The last tier of cookbook titles that should be in your collection are ethnic classics, and this is where you need to be the most selective.  It’s important to note that when I say “ethnic” I am also referring to regional American cuisines, as well – southern cooking, Tex-Mex, and New England recipes come to mind.  There are many, many ethnic cookbooks on the market, and they all vary in their degree of authenticity.  Ideally, you will want to choose titles that truly convey a sense of a particular culture, beyond just the recipes of that culture’s cuisine.  Peruse the bargain bin of any chain bookstore and you’ll find dozens of Quick and Easy-type of cookbooks that promise to make you the next Martin Yan, Mario Batali, or Madhur Jaffrey.  But, if you really think about it, if you really wanted to cook like these chefs, you would just buy their own cookbooks.

Don’t shy away from an ethnic recipe because it contains ingredients that you haven’t heard of, or are otherwise hard to find.  Many times, an unfamiliar ingredient is the first step on a journey of discovery that will take you to ethnic markets and parts of the city that you would otherwise never know about.  As a last resort, there are sometimes substitutions that you can make (orange and lime juice for bitter oranges in Cuban cuisine comes to mind) that will enable you to experience the recipe in as near-completeness as possible.  Some of my most well-worn books for ethnic cuisine are The Breath of a Wok and The Wisdom of the Chinese Kitchen, A Taste of Old Cuba, and Lidia’s Family Table.  By flipping through any one of these titles, you’ll see that the authors go to great lengths to educate the reader on their own experiences growing up as part of that culture, and it makes you appreciate the dishes even more when you know a little more about them.

I love talking about this stuff, as you can tell.  If you have any questions, shoot them my way at ddl[at]bestfoodblogever.com.

January 28, 2009   Comments

Introducing My Cookbook Collection

Books

For some people, it’s shoes. For others, it’s consumer electronics. For me, the object of my collection obsession, as it has been for a number of years, has been the cookbook.
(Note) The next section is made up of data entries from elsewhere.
(* Let $\phi$ be an instance of \textsc{Max (2,3)-SAT} with $n$ variables and let $T_\phi$ be the tournament instance constructed from $\phi$ as described in the context. If $T_\phi$ has a seeding whose tournament value is at least $k'$, then $\phi$ admits an assignment that satisfies at least $k'-n$ clauses.
   Context: Tournament model: players form a finite set of size $2^{n'}$ totally ordered by strength (stronger beats weaker). A seeding is a bijection $\sigma$ from players to $[2^{n'}]$. In round $r=1,\dots,n'$, for each block of seed positions $\{(k-1)2^r+1,\dots,k2^r\}$, the winner $a$ of its first half $\{(k-1)2^r+1,\dots,(k-1)2^r+2^{r-1}\}$ plays the winner $b$ of its second half (a single-position block is won by the player seeded there), the stronger one wins the block, and the game has value $v(a,b,r)$. The tournament value is the sum of values of all games played. \textsc{Max (2,3)-SAT} instance: a CNF formula $\phi$ with variables $x_1,\dots,x_n$ and clauses $c_1,\dots,c_m$, each clause having exactly two literals and each variable appearing in at most three clauses; the occurrences of each variable $x$ as a literal are numbered $1,2,3$ (its $j$th appearance) in a fixed order. Construction of $T_\phi$: let $n'$ be the smallest integer with $16n\le 2^{n'}$ and $p=2^{n'}-16n$. Players: for each variable $x$, three variable players $x,x^T,x^F$; for each clause $c$, one clause player $c$; and dummy players $f_1,\dots,f_{13n+p-m}$. Strength order (strongest first): $x_1>x_1^T>x_1^F>x_2>x_2^T>x_2^F>\dots>x_n>x_n^T>x_n^F>c_1>\dots>c_m>f_1>\dots>f_{13n+p-m}$. Game values: for each variable $x$, $v(x,x^T,1)=v(x^T,x,1)=v(x,x^F,1)=v(x^F,x,1)=1$; for each clause $c$ and each literal of $c$ that is the $j$th appearance of variable $x$, if $x$ appears non-negated there set $v(c,x^T,j)=v(x^T,c,j)=1$, and otherwise set $v(c,x^F,j)=v(x^F,c,j)=1$; all other values $v(a,b,r)$ for $r\in[n']$ are $0$. *)

theory Defs
  imports Main
begin

text \<open>A literal is a pair (variable index, polarity); polarity True means non-negated.  The occurrence numbering is given by
  occ i p = j, meaning the literal at position p (0 = first, 1 = second) of
  clause i is the j-th appearance of its variable.\<close>

type_synonym literal = "nat \<times> bool"
type_synonym clause = "literal \<times> literal"

definition lit :: "clause list \<Rightarrow> nat \<Rightarrow> nat \<Rightarrow> literal" where
  "lit cls i p = (if p = 0 then fst (cls ! i) else snd (cls ! i))"

definition occurrences :: "clause list \<Rightarrow> nat \<Rightarrow> (nat \<times> nat) set" where
  "occurrences cls x = {(i, p). i < length cls \<and> p < 2 \<and> fst (lit cls i p) = x}"

definition max23_instance :: "nat \<Rightarrow> clause list \<Rightarrow> (nat \<Rightarrow> nat \<Rightarrow> nat) \<Rightarrow> bool" where
  "max23_instance n cls occ \<longleftrightarrow>
     (\<forall>i<length cls. \<forall>p<2. fst (lit cls i p) < n) \<and>
     (\<forall>x<n. card (occurrences cls x) \<le> 3) \<and>
     (\<forall>x<n. bij_betw (\<lambda>(i, p). occ i p) (occurrences cls x) {1..card (occurrences cls x)})"

definition lit_true :: "(nat \<Rightarrow> bool) \<Rightarrow> literal \<Rightarrow> bool" where
  "lit_true a l = (a (fst l) = snd l)"

definition num_satisfied :: "clause list \<Rightarrow> (nat \<Rightarrow> bool) \<Rightarrow> nat" where
  "num_satisfied cls a = card {i. i < length cls \<and> (lit_true a (fst (cls ! i)) \<or> lit_true a (snd (cls ! i)))}"

datatype player = Var nat | VarT nat | VarF nat | Cl nat | Dummy nat

definition rounds :: "nat \<Rightarrow> nat" where
  "rounds n = (LEAST n'. 16 * n \<le> 2 ^ n')"

definition padding :: "nat \<Rightarrow> nat" where
  "padding n = 2 ^ rounds n - 16 * n"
You may have noticed that, so far, a lot of the recipes that have appeared on The Best Food Blog Ever have been sourced from cookbooks and culinary magazines, and this is by design. I am approaching the development of this blog much like the evolution of my own skills in the kitchen. At first, you prepare recipes exactly as they are presented in a cookbook, to the letter, and as someone new to the kitchen, you fear any variation lest you “mess up” the final dish. Then, one day, you really want to make a particular recipe and you find out that you’re missing one small ingredient – and you substitute, and it works. Then you do this more and more, and one day, you’re using the cookbooks and recipes as launching points, taking an idea here, a technique there, and making your own creations based on tried-and-true past experiences.

That’s my rationale for having so many cookbooks. Quite a few of them are good for only a handful of recipes, but they are solid, dependable recipes that will always work. Others, like the Joy of Cooking and The New Basics, are the go-to books for master recipes covering a broad range of different ingredients and techniques. Still others form the basis for my core knowledge of ethnic cuisine, and I try to limit myself to the “best of the best” for a certain nationality, but someone’s always writing a better one that will be published one day, and that will invariably end up in my bookcase.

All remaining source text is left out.